» **DATA PROVIDED**:
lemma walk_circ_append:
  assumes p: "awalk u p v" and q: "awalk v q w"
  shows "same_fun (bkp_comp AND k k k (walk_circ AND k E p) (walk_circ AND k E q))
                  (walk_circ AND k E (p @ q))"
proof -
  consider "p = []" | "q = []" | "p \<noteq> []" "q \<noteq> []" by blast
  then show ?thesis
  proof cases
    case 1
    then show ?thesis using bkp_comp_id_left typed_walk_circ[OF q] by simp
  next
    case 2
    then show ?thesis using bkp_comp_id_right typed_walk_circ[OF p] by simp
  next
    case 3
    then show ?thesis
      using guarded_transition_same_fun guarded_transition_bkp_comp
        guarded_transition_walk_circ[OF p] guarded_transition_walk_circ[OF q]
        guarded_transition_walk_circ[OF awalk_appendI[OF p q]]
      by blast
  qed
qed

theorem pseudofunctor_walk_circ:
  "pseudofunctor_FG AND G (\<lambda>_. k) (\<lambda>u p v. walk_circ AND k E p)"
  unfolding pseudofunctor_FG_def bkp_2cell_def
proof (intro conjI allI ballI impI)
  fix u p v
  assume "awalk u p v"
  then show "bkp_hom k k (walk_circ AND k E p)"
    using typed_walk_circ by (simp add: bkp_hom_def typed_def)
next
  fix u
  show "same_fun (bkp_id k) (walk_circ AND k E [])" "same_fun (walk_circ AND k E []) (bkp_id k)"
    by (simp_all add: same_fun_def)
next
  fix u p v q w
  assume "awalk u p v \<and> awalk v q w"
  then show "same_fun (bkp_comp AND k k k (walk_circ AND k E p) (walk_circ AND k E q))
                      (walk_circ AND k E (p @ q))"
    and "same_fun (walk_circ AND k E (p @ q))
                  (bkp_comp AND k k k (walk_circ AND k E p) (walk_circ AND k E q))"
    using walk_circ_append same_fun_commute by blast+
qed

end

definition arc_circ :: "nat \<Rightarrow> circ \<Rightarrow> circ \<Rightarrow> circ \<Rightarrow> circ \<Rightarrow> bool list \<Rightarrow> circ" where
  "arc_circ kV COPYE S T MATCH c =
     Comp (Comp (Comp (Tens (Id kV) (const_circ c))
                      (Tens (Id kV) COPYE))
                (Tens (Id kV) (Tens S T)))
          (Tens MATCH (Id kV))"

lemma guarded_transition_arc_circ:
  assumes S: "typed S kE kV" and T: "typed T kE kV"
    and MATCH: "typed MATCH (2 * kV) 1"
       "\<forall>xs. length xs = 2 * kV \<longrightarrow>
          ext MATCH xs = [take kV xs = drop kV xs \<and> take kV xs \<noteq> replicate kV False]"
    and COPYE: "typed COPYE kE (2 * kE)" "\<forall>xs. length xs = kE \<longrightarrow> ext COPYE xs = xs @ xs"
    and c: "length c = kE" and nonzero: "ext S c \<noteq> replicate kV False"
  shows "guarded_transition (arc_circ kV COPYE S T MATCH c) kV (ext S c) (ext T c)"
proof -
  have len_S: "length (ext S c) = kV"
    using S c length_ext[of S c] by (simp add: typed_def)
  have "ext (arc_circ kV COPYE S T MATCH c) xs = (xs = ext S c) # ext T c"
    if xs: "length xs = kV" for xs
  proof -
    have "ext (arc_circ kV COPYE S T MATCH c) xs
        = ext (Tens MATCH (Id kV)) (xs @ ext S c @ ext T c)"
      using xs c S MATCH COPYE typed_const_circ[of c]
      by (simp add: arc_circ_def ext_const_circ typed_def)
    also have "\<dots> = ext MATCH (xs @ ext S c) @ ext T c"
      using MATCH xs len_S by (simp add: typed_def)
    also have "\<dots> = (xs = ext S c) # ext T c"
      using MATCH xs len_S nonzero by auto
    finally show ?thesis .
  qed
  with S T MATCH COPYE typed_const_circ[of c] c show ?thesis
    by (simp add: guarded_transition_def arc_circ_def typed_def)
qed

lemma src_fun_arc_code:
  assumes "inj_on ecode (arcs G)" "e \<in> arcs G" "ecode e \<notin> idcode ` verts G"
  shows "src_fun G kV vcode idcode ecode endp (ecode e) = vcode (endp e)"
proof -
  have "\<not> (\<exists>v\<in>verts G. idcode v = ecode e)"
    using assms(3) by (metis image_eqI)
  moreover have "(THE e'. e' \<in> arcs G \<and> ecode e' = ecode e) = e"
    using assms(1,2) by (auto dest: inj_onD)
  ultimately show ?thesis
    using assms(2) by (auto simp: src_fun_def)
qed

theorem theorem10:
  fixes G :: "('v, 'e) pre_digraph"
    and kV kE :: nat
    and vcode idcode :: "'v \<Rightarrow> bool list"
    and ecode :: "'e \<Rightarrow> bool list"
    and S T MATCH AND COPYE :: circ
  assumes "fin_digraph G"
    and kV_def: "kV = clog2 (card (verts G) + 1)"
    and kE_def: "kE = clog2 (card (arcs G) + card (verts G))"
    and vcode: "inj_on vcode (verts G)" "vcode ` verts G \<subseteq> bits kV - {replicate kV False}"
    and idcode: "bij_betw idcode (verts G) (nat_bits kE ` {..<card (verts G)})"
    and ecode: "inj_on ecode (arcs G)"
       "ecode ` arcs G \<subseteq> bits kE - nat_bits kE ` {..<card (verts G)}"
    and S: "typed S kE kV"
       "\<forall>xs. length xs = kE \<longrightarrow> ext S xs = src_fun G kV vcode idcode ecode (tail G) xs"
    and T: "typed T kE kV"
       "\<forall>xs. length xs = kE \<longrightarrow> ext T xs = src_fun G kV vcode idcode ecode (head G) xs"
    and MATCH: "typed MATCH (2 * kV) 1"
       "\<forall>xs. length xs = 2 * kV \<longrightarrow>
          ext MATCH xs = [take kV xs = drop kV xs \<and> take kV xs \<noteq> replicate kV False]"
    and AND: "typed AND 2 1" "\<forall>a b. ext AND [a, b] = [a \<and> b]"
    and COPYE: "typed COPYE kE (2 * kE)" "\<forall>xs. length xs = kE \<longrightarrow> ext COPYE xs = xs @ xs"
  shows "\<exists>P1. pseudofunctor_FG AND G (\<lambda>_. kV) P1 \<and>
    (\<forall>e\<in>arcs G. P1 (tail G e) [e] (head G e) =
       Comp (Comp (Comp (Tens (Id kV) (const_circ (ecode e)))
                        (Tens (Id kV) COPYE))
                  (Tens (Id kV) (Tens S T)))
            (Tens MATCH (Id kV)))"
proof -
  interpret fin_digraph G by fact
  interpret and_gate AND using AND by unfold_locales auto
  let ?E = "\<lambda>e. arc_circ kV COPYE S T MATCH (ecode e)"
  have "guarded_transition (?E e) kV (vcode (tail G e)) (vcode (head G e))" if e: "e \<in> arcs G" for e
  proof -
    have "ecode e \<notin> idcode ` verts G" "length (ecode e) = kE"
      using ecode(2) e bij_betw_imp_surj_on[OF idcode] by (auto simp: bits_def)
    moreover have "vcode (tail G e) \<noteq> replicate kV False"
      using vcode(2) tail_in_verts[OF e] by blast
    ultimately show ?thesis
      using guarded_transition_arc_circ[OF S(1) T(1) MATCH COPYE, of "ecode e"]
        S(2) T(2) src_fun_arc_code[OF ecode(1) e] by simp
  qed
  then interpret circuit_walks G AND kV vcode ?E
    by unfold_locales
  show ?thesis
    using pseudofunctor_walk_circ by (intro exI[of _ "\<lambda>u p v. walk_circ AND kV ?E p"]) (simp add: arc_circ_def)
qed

...

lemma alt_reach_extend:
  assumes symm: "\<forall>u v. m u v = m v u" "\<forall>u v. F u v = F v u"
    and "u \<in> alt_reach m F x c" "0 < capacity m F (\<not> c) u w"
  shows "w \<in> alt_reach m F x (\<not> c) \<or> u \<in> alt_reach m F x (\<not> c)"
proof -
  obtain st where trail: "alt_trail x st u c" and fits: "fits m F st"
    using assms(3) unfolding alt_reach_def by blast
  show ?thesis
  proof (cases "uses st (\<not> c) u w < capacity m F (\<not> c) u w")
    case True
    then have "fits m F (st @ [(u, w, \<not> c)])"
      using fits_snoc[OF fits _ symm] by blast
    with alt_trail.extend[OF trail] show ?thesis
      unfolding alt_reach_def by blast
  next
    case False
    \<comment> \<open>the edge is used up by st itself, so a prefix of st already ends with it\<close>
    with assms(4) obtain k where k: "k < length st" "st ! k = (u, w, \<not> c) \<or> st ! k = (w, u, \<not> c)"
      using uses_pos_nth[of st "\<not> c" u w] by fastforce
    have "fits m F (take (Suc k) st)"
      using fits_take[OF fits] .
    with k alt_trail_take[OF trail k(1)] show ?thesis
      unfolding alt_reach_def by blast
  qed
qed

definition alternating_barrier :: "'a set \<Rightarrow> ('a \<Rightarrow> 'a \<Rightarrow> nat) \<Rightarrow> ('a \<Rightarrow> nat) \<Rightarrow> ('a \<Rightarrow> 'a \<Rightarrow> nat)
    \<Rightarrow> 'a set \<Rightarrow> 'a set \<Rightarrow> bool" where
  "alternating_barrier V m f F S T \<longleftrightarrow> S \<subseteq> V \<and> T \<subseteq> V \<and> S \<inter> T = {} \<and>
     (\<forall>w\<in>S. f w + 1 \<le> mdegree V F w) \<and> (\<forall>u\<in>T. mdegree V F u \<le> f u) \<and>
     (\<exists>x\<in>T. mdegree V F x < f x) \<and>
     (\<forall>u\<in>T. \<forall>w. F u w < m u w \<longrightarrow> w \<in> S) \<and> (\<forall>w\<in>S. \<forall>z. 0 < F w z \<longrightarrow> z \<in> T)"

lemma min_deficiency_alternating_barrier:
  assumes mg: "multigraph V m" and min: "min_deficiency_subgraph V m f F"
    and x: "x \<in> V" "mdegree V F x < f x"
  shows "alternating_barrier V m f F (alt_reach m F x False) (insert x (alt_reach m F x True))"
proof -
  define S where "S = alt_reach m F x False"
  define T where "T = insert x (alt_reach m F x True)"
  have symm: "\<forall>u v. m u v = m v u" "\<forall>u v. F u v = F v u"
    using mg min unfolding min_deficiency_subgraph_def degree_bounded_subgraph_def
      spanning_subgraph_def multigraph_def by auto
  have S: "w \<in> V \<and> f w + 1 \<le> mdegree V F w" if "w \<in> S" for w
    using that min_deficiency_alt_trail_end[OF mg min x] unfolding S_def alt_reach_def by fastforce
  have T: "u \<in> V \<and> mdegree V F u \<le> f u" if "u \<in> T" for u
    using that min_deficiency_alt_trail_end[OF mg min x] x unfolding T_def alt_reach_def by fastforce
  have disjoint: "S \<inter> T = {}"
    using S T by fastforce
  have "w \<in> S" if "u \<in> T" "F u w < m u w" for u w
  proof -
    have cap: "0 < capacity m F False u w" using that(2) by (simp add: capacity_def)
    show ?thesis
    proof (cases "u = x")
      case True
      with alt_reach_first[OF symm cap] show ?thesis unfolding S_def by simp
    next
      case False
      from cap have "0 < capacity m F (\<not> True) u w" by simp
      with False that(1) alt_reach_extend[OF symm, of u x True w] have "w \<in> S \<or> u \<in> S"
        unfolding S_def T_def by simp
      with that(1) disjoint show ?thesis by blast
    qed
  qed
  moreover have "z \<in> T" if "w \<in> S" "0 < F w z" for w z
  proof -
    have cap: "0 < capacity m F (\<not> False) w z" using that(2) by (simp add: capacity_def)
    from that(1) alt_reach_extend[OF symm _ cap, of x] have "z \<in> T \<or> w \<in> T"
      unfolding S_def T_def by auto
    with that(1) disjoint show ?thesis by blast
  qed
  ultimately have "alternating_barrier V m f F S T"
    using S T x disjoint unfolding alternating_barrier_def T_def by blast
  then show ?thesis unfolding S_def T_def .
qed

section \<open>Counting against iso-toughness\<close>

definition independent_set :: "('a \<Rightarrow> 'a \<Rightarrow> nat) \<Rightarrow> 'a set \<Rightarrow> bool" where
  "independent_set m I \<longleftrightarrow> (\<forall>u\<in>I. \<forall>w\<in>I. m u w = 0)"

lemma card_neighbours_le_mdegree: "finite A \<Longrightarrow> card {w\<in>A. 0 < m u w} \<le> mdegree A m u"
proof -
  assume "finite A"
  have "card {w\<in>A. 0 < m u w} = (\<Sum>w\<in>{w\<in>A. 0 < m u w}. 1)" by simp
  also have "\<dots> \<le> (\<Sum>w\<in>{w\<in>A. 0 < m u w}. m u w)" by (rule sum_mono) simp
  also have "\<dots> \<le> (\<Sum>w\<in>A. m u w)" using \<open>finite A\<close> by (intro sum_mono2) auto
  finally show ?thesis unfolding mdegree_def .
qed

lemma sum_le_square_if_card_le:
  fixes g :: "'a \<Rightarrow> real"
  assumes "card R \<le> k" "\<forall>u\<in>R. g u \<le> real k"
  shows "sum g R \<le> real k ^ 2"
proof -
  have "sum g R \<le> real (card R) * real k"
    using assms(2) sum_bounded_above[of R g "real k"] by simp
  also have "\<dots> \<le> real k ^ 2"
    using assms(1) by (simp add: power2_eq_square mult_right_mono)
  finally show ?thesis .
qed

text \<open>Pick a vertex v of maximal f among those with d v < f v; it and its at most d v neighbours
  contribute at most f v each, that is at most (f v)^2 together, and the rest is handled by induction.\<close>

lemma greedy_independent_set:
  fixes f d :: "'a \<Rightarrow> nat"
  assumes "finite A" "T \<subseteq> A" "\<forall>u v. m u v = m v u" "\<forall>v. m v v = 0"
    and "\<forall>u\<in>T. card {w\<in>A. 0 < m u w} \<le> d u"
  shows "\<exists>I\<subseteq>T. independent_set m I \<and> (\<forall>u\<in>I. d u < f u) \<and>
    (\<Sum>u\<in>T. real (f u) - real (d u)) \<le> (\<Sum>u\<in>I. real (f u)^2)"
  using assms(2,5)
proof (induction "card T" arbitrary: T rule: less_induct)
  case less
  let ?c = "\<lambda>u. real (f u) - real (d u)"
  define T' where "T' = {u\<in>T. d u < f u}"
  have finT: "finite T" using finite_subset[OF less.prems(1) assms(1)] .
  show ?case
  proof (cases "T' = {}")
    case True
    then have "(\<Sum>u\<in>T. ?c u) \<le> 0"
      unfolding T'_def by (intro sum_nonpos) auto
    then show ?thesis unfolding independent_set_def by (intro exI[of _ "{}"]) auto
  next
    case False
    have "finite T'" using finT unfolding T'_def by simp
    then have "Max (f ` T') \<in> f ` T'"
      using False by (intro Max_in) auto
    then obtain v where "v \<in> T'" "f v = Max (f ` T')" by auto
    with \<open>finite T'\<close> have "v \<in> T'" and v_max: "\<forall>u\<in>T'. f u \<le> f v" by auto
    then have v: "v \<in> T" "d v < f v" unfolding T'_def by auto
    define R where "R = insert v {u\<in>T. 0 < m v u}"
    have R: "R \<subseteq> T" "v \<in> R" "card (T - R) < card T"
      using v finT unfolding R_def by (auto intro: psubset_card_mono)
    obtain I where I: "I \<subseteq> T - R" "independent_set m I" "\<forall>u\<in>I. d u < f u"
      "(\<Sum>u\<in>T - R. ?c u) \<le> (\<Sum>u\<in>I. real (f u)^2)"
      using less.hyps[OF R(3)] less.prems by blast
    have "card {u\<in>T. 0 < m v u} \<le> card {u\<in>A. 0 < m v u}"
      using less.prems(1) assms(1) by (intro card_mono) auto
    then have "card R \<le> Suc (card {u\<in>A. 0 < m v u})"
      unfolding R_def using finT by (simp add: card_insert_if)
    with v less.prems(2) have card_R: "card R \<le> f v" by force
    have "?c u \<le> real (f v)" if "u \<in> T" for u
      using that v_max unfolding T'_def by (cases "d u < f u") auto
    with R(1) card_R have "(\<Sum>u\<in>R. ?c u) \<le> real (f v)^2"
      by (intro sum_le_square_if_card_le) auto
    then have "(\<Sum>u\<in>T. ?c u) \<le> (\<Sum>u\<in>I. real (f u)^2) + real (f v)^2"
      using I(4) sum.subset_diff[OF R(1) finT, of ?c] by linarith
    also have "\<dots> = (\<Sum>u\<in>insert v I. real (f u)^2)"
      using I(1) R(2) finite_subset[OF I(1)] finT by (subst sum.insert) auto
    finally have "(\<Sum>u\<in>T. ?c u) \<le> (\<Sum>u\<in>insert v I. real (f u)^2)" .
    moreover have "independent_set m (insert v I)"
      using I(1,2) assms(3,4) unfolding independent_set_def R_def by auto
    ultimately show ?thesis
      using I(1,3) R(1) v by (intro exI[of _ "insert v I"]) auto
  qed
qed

» **WHAT YOU HAVE TO DO**: Note every line above where the string "fits" shows up, and copy those lines.

» **ANSWER FOR THIS EXERCISE**:
  obtain st where trail: "alt_trail x st u c" and fits: "fits m F st"
    then have "fits m F (st @ [(u, w, \<not> c)])"
      using fits_snoc[OF fits _ symm] by blast
    have "fits m F (take (Suc k) st)"
      using fits_take[OF fits] .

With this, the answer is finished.